Generating one token at a time is a blessing in disguise
LLMs generate their output one token at a time. The first thought when you learn this is that this is a huge performance bottleneck, as we are used to highly parallelized systems.
However, a large part of what makes LLMs feel so magical comes from this exact bottleneck.
Pointwise scoring only goes so far
Traditional search systems score and rank items independently.
This is what it usually looks like:
- some kind of model/heuristic scores every possible result
- we "greedily" sample from these results, starting from the highest scoring one
- we cross our fingers and hope that this still leads to a nice result
The obvious problem here is that it breaks down when the ideal output isn't a single answer, but a combination of interdependent pieces of information.

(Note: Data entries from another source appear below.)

lemma map_pmf_window_msg_pmf:
  assumes "a + b \<le> L"
  shows "map_pmf (map (\<lambda>w. take b (drop a w))) (msg_pmf K L) = msg_pmf K b"
proof -
  let ?split = "\<lambda>W. (map (\<lambda>w. take b (drop a w)) W, map (take a) W, map (drop (a + b)) W)"
  have bij: "bij_betw ?split (msgs K L) (msgs K b \<times> msgs K a \<times> msgs K (L - a - b))"
    using assms by (rule bij_betw_window_split)
  have "map_pmf ?split (msg_pmf K L) = pmf_of_set (msgs K b \<times> msgs K a \<times> msgs K (L - a - b))"
    using bij unfolding msg_pmf_def bij_betw_def
    by (simp add: map_pmf_of_set_inj finite_msgs msgs_nonempty)
  also have "\<dots> = pair_pmf (msg_pmf K b) (pmf_of_set (msgs K a \<times> msgs K (L - a - b)))"
    by (simp add: pmf_of_set_Times finite_msgs msgs_nonempty msg_pmf_def)
  finally have "map_pmf fst (map_pmf ?split (msg_pmf K L)) = msg_pmf K b"
    by (simp add: map_fst_pair_pmf)
  then show ?thesis by (simp add: pmf.map_comp o_def)
qed

lemma concat_take_drop_blocks:
  "concat (map (\<lambda>f. take (bl f) (drop (\<Sum>g<f. bl g) w)) [0..<F]) = take (\<Sum>g<F. bl g) w"
  by (induction F) (simp_all add: take_add)

lemma Pi_pmf_map_dependent:
  assumes "finite A"
  shows "Pi_pmf A d (\<lambda>x. map_pmf (g x) (p x)) = map_pmf (\<lambda>h x. if x \<in> A then g x (h x) else d) (Pi_pmf A d' p)"
  using assms by (simp add: map_pmf_def Pi_pmf_bind[where d'=d'])
lemma (in ring) idem_one_minus:
  assumes "idem R e" shows "idem R (\<one> \<ominus> e)"
proof -
  have ec: "e \<in> carrier R" using assms by (simp add: idem_def)
  then have "(\<one> \<ominus> e) \<otimes> (\<one> \<ominus> e) = (\<one> \<ominus> e) \<ominus> (\<one> \<ominus> e) \<otimes> e"
    by (simp add: minus_eq r_distr r_minus)
  also have "\<dots> = \<one> \<ominus> e"
    using ec one_minus_idem_mult[OF assms] by (simp add: minus_eq)
  finally show ?thesis using ec by (simp add: idem_def)
qed

lemma (in ring) idem_add_off_diagonal:
  assumes e: "idem R e" and n: "n \<in> carrier R"
    and en: "e \<otimes> n = n \<and> n \<otimes> e = \<zero> \<or> e \<otimes> n = \<zero> \<and> n \<otimes> e = n"
  shows "idem R (e \<oplus> n)"
proof -
  have ec: "e \<in> carrier R" and ee: "e \<otimes> e = e" using e by (auto simp: idem_def)
  have "(n \<otimes> e) \<otimes> n = n \<otimes> (e \<otimes> n)" using ec n by (simp add: m_assoc)
  then have nn: "n \<otimes> n = \<zero>" using en n by auto
  have "(e \<oplus> n) \<otimes> (e \<oplus> n) = e \<otimes> e \<oplus> (e \<otimes> n \<oplus> n \<otimes> e) \<oplus> n \<otimes> n"
    using ec n by (simp add: l_distr r_distr a_ac)
  also have "\<dots> = e \<oplus> n" using ee en nn ec n by auto
  finally show ?thesis using ec n by (simp add: idem_def)
qed

lemma (in ring) idem_add_corners:
  assumes e: "idem R e" and x: "x \<in> carrier R"
  shows "idem R (e \<oplus> e \<otimes> x \<otimes> (\<one> \<ominus> e))" and "idem R (e \<oplus> (\<one> \<ominus> e) \<otimes> x \<otimes> e)"
proof -
  have ec: "e \<in> carrier R" and ee: "e \<otimes> e = e" using e by (auto simp: idem_def)
  have e_absorb: "e \<otimes> (e \<otimes> y) = e \<otimes> y" if "y \<in> carrier R" for y
    using ec ee that by (simp add: m_assoc[symmetric])
  have e_kills: "e \<otimes> ((\<one> \<ominus> e) \<otimes> y) = \<zero>" if "y \<in> carrier R" for y
    using ec that by (simp add: m_assoc[symmetric] idem_mult_one_minus[OF e])
  show "idem R (e \<oplus> e \<otimes> x \<otimes> (\<one> \<ominus> e))"
    using ec x by (intro idem_add_off_diagonal[OF e])
      (simp_all add: m_assoc e_absorb one_minus_idem_mult[OF e])
  show "idem R (e \<oplus> (\<one> \<ominus> e) \<otimes> x \<otimes> e)"
    using ec x by (intro idem_add_off_diagonal[OF e])
      (simp_all add: m_assoc e_kills ee)
qed

lemma (in ring) idem_commute_if_corners_zero:
  assumes e: "idem R e" and x: "x \<in> carrier R"
    and upper: "e \<otimes> x \<otimes> (\<one> \<ominus> e) = \<zero>" and lower: "(\<one> \<ominus> e) \<otimes> x \<otimes> e = \<zero>"
  shows "e \<otimes> x = x \<otimes> e"
proof -
  have ec: "e \<in> carrier R" using e by (simp add: idem_def)
  have "e \<otimes> x \<ominus> e \<otimes> x \<otimes> e = e \<otimes> x \<otimes> (\<one> \<ominus> e)"
    using ec x by (simp add: minus_eq r_distr r_minus)
  also have "\<dots> = \<zero>" by (rule upper)
  finally have left: "e \<otimes> x = e \<otimes> x \<otimes> e" using ec x by simp
  have "x \<otimes> e \<ominus> e \<otimes> x \<otimes> e = (\<one> \<ominus> e) \<otimes> x \<otimes> e"
    using ec x by (simp add: minus_eq l_distr l_minus)
  also have "\<dots> = \<zero>" by (rule lower)
  finally have right: "x \<otimes> e = e \<otimes> x \<otimes> e" using ec x by simp
  show ?thesis using left right by simp
qed
(* Let $\mathcal{A}$ be an arrangement of distinct lines in $\mathbb{P}^2_{\mathbb{C}}$. If $\mathcal{R}(I(\mathcal{A}))$ is disconnected (in the classical topology), then there exists a nonempty subarrangement $\mathcal{A}'\subset\mathcal{A}$ such that $|\operatorname{mult}(\mathcal{A}')\cap H|\ge 3$ for all $H\in\mathcal{A}'$.
   Context: $\operatorname{mult}(\mathcal{B})$ is the set of points of $\mathbb{P}^2$ lying on at least three lines of the arrangement $\mathcal{B}$. Lines are identified with points of $(\mathbb{P}^2)^*$ via their coefficients; $I(\mathcal{A})$ is the set of triples $\{i,j,k\}$ with $H_i\cap H_j\cap H_k\neq\emptyset$; $\mathcal{R}(I)=\{(H_1,\dots,H_n)\in((\mathbb{P}^2)^* )^n: H_i\ne H_j\ (i\ne j),\ \det(H_i,H_j,H_k)=0 \text{ iff } \{i,j,k\}\in I\}$, where $\det$ is the determinant of the coefficient rows. *)

theory Defs
  imports "HOL-Analysis.Analysis"
begin

text \<open>Points of the complex projective plane P^2 (and of its dual) are represented
  as equivalence classes of nonzero vectors in C^3 under nonzero scaling.\<close>

definition proj_pt :: "complex^3 \<Rightarrow> (complex^3) set" where
  "proj_pt v = {c *s v | c. c \<noteq> 0}"

definition P2 :: "(complex^3) set set" where
  "P2 = {proj_pt v | v. v \<noteq> 0}"

definition pair3 :: "complex^3 \<Rightarrow> complex^3 \<Rightarrow> complex" where
  "pair3 a x = (\<Sum>k\<in>UNIV. a $ k * x $ k)"

definition on_line :: "complex^3 \<Rightarrow> (complex^3) set \<Rightarrow> bool" where
  "on_line a p \<longleftrightarrow> (\<exists>x. x \<noteq> 0 \<and> p = proj_pt x \<and> pair3 a x = 0)"

definition line_pts :: "complex^3 \<Rightarrow> (complex^3) set set" where
  "line_pts a = {p \<in> P2. on_line a p}"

Example: Your favorite shopping website recommends the three most popular shoes on sale at the moment. It has no structural awareness that recommending three pairs of black sneakers makes for a terrible, unbalanced outfit.
[LLM] Autoregressive
[Traditional] Pointwise
End-to-end optimization
An inherent limitation of pointwise systems is that... the world is simply not pointwise. We're full-slate machines that ingest a combination of parameters and spit out actions in return. What this implies is that traditional systems would have to derive some kind of pointwise proxy metric that if optimized, would correlate with the actual (full-slate) metric we really care about.
For example, for an e-commerce website, the real objective is: I want this person to buy a lot of stuff, and ideally do it frequently. We can't really predict that pointwise; we can only optimize for the expected probability of an isolated interaction (like a click or individual purchase). Likewise, greedily grabbing the top-3 highest-CTR items out of context will almost always lead to a very redundant set of products, which actively hurts the actual purchase likelihood (since if you dislike the first result, you'll probably dislike the next two as well).

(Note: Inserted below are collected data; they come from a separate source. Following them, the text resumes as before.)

(* Let $V$ be a vector space over a field $\mathbb{K}$, $F$ a bilinear form on $V$, $Q=Q_F$ (i.e. $Q(x)=F(x,x)$), and let $F'=F+A$ with $A$ an alternating bilinear form on $V$ (so $Q_{F'}=Q$). Let $\rho_F,\rho_{F'}:\mathrm{Cl}(V,Q)\to\mathrm{End}(\bigwedge(V))$ be the representations $\rho_F=\bar\Lambda_F$, $\rho_{F'}=\bar\Lambda_{F'}$. Then these representations are equivalent; namely $$\rho_{F'}(a)=\bar\lambda_A\circ\rho_F(a)\circ\bar\lambda_A^{-1}\quad\text{for all }a\in\mathrm{Cl}(V,Q).$$
   Context: $\mathrm{Cl}(V,Q)=\mathcal{T}(V)/I(Q)$ where $I(Q)$ is the two-sided ideal of the tensor algebra generated by $x\otimes x-Q(x)1$; $\bigwedge(V)=\mathrm{Cl}(V,0)$ is the exterior algebra. For $f\in V^*$, $\bar{i}_f$ is the unique linear map on $\bigwedge(V)$ with $\bar{i}_f(1)=0$ and $\bar{i}_f(x\wedge w)=f(x)w-x\wedge\bar{i}_f(w)$ ($x\in V$); for a bilinear form $G$, $\bar{i}_x^G:=\bar{i}_{g_x}$ with $g_x(y)=G(x,y)$. For $x\in V$ the operator $\bar e_x+\bar{i}_x^G$ on $\bigwedge(V)$ (with $\bar e_x(w)=x\wedge w$) squares to $G(x,x)$, so $x\mapsto \bar e_x+\bar i_x^G$ extends uniquely to an algebra homomorphism $\bar\Lambda_G:\mathrm{Cl}(V,Q_G)\to\mathrm{End}(\bigwedge(V))$, where $Q_G(x)=G(x,x)$. For an alternating form $A$ (so $Q_A=0$), $\bar\lambda_A:\bigwedge(V)\to\bigwedge(V)$ is $\bar\lambda_A(u)=\bar\Lambda_A(u)(1)$; it is a linear bijection with inverse $\bar\lambda_{-A}$. *)

theory Defs
  imports Complex_Main
begin

text \<open>The vector space V is the whole type 'v with scalar
multiplication scale over the field 'k.  The free associative algebra on the set V
is modelled by finitely supported coefficient functions on words ('v list).
The tensor algebra T(V) and Cl(V,Q) = T(V)/I(Q) are obtained together as the
quotient of the free algebra by the two-sided ideal generated by the multilinearity
relations (giving T(V)) and by x*x - Q(x) 1.  Elements of Cl(V,Q) are
equivalence classes (sets of representatives).\<close>

type_synonym ('v,'k) fa = "'v list \<Rightarrow> 'k"

definition FA :: "('v,'k::field) fa set" where
  "FA = {p. finite {w. p w \<noteq> 0}}"

definition word :: "'v list \<Rightarrow> ('v,'k::field) fa" where
  "word w = (\<lambda>u. if u = w then 1 else 0)"

definition fadd :: "('v,'k::field) fa \<Rightarrow> ('v,'k) fa \<Rightarrow> ('v,'k) fa" where
  "fadd p q = (\<lambda>w. p w + q w)"

definition fsub :: "('v,'k::field) fa \<Rightarrow> ('v,'k) fa \<Rightarrow> ('v,'k) fa" where
  "fsub p q = (\<lambda>w. p w - q w)"

definition fsmult :: "'k::field \<Rightarrow> ('v,'k) fa \<Rightarrow> ('v,'k) fa" where
  "fsmult c p = (\<lambda>w. c * p w)"

definition fmul :: "('v,'k::field) fa \<Rightarrow> ('v,'k) fa \<Rightarrow> ('v,'k) fa" where
  "fmul p q = (\<lambda>w. \<Sum>i\<le>length w. p (take i w) * q (drop i w))"

definition iota :: "'v \<Rightarrow> ('v,'k::field) fa" where
  "iota x = word [x]"

definition cl_gens :: "('k::field \<Rightarrow> 'v::ab_group_add \<Rightarrow> 'v) \<Rightarrow> ('v \<Rightarrow> 'k) \<Rightarrow> ('v,'k) fa set" where
  "cl_gens scale Q =
     {fsub (fsub (iota (x + y)) (iota x)) (iota y) | x y. True}
   \<union> {fsub (iota (scale c x)) (fsmult c (iota x)) | c x. True}
   \<union> {fsub (fmul (iota x) (iota x)) (fsmult (Q x) (word [])) | x. True}"

inductive_set cl_ideal :: "('k::field \<Rightarrow> 'v::ab_group_add \<Rightarrow> 'v) \<Rightarrow> ('v \<Rightarrow> 'k) \<Rightarrow> ('v,'k) fa set"
  for scale Q where
  zero: "(\<lambda>_. 0) \<in> cl_ideal scale Q"
| add: "p \<in> cl_ideal scale Q \<Longrightarrow> q \<in> cl_ideal scale Q \<Longrightarrow> fadd p q \<in> cl_ideal scale Q"
| smult: "p \<in> cl_ideal scale Q \<Longrightarrow> fsmult c p \<in> cl_ideal scale Q"
| gen: "r \<in> cl_gens scale Q \<Longrightarrow> fmul (fmul (word u) r) (word v) \<in> cl_ideal scale Q"

definition cl_rel :: "('k::field \<Rightarrow> 'v::ab_group_add \<Rightarrow> 'v) \<Rightarrow> ('v \<Rightarrow> 'k) \<Rightarrow> (('v,'k) fa \<times> ('v,'k) fa) set" where
  "cl_rel scale Q = {(p, q). p \<in> FA \<and> q \<in> FA \<and> fsub p q \<in> cl_ideal scale Q}"

definition Cl :: "('k::field \<Rightarrow> 'v::ab_group_add \<Rightarrow> 'v) \<Rightarrow> ('v \<Rightarrow> 'k) \<Rightarrow> ('v,'k) fa set set" where
  "Cl scale Q = FA // cl_rel scale Q"

definition cls :: "('k::field \<Rightarrow> 'v::ab_group_add \<Rightarrow> 'v) \<Rightarrow> ('v \<Rightarrow> 'k) \<Rightarrow> ('v,'k) fa \<Rightarrow> ('v,'k) fa set" where
  "cls scale Q p = cl_rel scale Q `` {p}"

definition Ext :: "('k::field \<Rightarrow> 'v::ab_group_add \<Rightarrow> 'v) \<Rightarrow> ('v,'k) fa set set" where
  "Ext scale = Cl scale (\<lambda>_. 0)"

definition lin_ext :: "('v list \<Rightarrow> ('v,'k::field) fa) \<Rightarrow> ('v,'k) fa \<Rightarrow> ('v,'k) fa" where
  "lin_ext g p = (\<lambda>u. \<Sum>w\<in>{w. p w \<noteq> 0}. p w * g w u)"

primrec iw :: "('v \<Rightarrow> 'k::field) \<Rightarrow> 'v list \<Rightarrow> ('v,'k) fa" where
  "iw f [] = (\<lambda>_. 0)"
| "iw f (x # w) = fsub (fsmult (f x) (word w)) (fmul (iota x) (iw f w))"

definition ifree :: "('v \<Rightarrow> 'k::field) \<Rightarrow> ('v,'k) fa \<Rightarrow> ('v,'k) fa" where
  "ifree f = lin_ext (iw f)"

definition efree :: "'v \<Rightarrow> ('v,'k::field) fa \<Rightarrow> ('v,'k) fa" where
  "efree x p = fmul (iota x) p"

definition opv :: "('v \<Rightarrow> 'v \<Rightarrow> 'k::field) \<Rightarrow> 'v \<Rightarrow> ('v,'k) fa \<Rightarrow> ('v,'k) fa" where
  "opv G x p = fadd (efree x p) (ifree (G x) p)"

Because LLMs are optimized to generate optimal sequences (e.g. via response-based RL), they naturally learn to produce outputs that are coherent and diverse.
[LLM] Sequence graph
[Traditional] Proxy metrics
Diversity without the hacks and heuristics
Because pointwise systems lack sequence awareness, engineers historically had to build heavy, heuristic-driven "diversity" algorithms (like Maximal Marginal Relevance) on top of the pointwise scoring to prevent highly redundant results.
The harsh truth is that these hacks just never really worked: producing optimally diverse outputs is a very hard task, and attempts to do this rigorously (via full-slate optimization, and some multi-armed bandit approaches) often led to particularly complex systems that only very large companies willing to squeeze that last 0.2% of performance would ever deploy.
LLMs, on the other hand, inherently produce diverse outputs: the data they are pre-trained on, and the objectives they are RL'd on, steer them away from generating redundant sequences.